Top of Material for the task

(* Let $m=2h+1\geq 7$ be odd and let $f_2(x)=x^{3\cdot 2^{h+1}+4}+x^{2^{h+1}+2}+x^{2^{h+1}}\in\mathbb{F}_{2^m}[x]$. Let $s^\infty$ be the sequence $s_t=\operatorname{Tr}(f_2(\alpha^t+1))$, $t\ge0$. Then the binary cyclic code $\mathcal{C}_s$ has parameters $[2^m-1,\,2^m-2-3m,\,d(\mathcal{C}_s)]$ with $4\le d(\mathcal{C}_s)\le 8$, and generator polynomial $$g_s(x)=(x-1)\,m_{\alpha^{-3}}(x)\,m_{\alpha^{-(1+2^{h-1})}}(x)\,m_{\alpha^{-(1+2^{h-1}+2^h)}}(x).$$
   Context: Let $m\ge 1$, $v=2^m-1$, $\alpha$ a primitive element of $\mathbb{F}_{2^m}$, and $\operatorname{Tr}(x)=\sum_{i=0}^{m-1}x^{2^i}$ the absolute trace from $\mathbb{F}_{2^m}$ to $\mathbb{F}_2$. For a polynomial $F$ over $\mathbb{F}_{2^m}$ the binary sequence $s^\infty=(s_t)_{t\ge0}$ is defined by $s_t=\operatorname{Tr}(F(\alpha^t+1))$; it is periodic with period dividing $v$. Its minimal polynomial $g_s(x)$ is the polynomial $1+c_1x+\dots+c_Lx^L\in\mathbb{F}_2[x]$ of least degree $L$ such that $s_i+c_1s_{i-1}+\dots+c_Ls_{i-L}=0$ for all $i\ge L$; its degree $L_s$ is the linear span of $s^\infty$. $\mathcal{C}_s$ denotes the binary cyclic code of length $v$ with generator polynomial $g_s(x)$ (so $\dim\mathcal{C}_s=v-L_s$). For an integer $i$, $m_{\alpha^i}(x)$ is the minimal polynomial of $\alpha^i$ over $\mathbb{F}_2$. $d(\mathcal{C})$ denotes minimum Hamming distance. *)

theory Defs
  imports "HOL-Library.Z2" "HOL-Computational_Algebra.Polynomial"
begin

Bottom of Material for the task

### Your instructions
For the string "cyclic", search the preceding data and copy every line that includes it.

### Answer to the exercise
(* Let $m=2h+1\geq 7$ be odd and let $f_2(x)=x^{3\cdot 2^{h+1}+4}+x^{2^{h+1}+2}+x^{2^{h+1}}\in\mathbb{F}_{2^m}[x]$. Let $s^\infty$ be the sequence $s_t=\operatorname{Tr}(f_2(\alpha^t+1))$, $t\ge0$. Then the binary cyclic code $\mathcal{C}_s$ has parameters $[2^m-1,\,2^m-2-3m,\,d(\mathcal{C}_s)]$ with $4\le d(\mathcal{C}_s)\le 8$, and generator polynomial $$g_s(x)=(x-1)\,m_{\alpha^{-3}}(x)\,m_{\alpha^{-(1+2^{h-1})}}(x)\,m_{\alpha^{-(1+2^{h-1}+2^h)}}(x).$$
   Context: Let $m\ge 1$, $v=2^m-1$, $\alpha$ a primitive element of $\mathbb{F}_{2^m}$, and $\operatorname{Tr}(x)=\sum_{i=0}^{m-1}x^{2^i}$ the absolute trace from $\mathbb{F}_{2^m}$ to $\mathbb{F}_2$. For a polynomial $F$ over $\mathbb{F}_{2^m}$ the binary sequence $s^\infty=(s_t)_{t\ge0}$ is defined by $s_t=\operatorname{Tr}(F(\alpha^t+1))$; it is periodic with period dividing $v$. Its minimal polynomial $g_s(x)$ is the polynomial $1+c_1x+\dots+c_Lx^L\in\mathbb{F}_2[x]$ of least degree $L$ such that $s_i+c_1s_{i-1}+\dots+c_Ls_{i-L}=0$ for all $i\ge L$; its degree $L_s$ is the linear span of $s^\infty$. $\mathcal{C}_s$ denotes the binary cyclic code of length $v$ with generator polynomial $g_s(x)$ (so $\dim\mathcal{C}_s=v-L_s$). For an integer $i$, $m_{\alpha^i}(x)$ is the minimal polynomial of $\alpha^i$ over $\mathbb{F}_2$. $d(\mathcal{C})$ denotes minimum Hamming distance. *)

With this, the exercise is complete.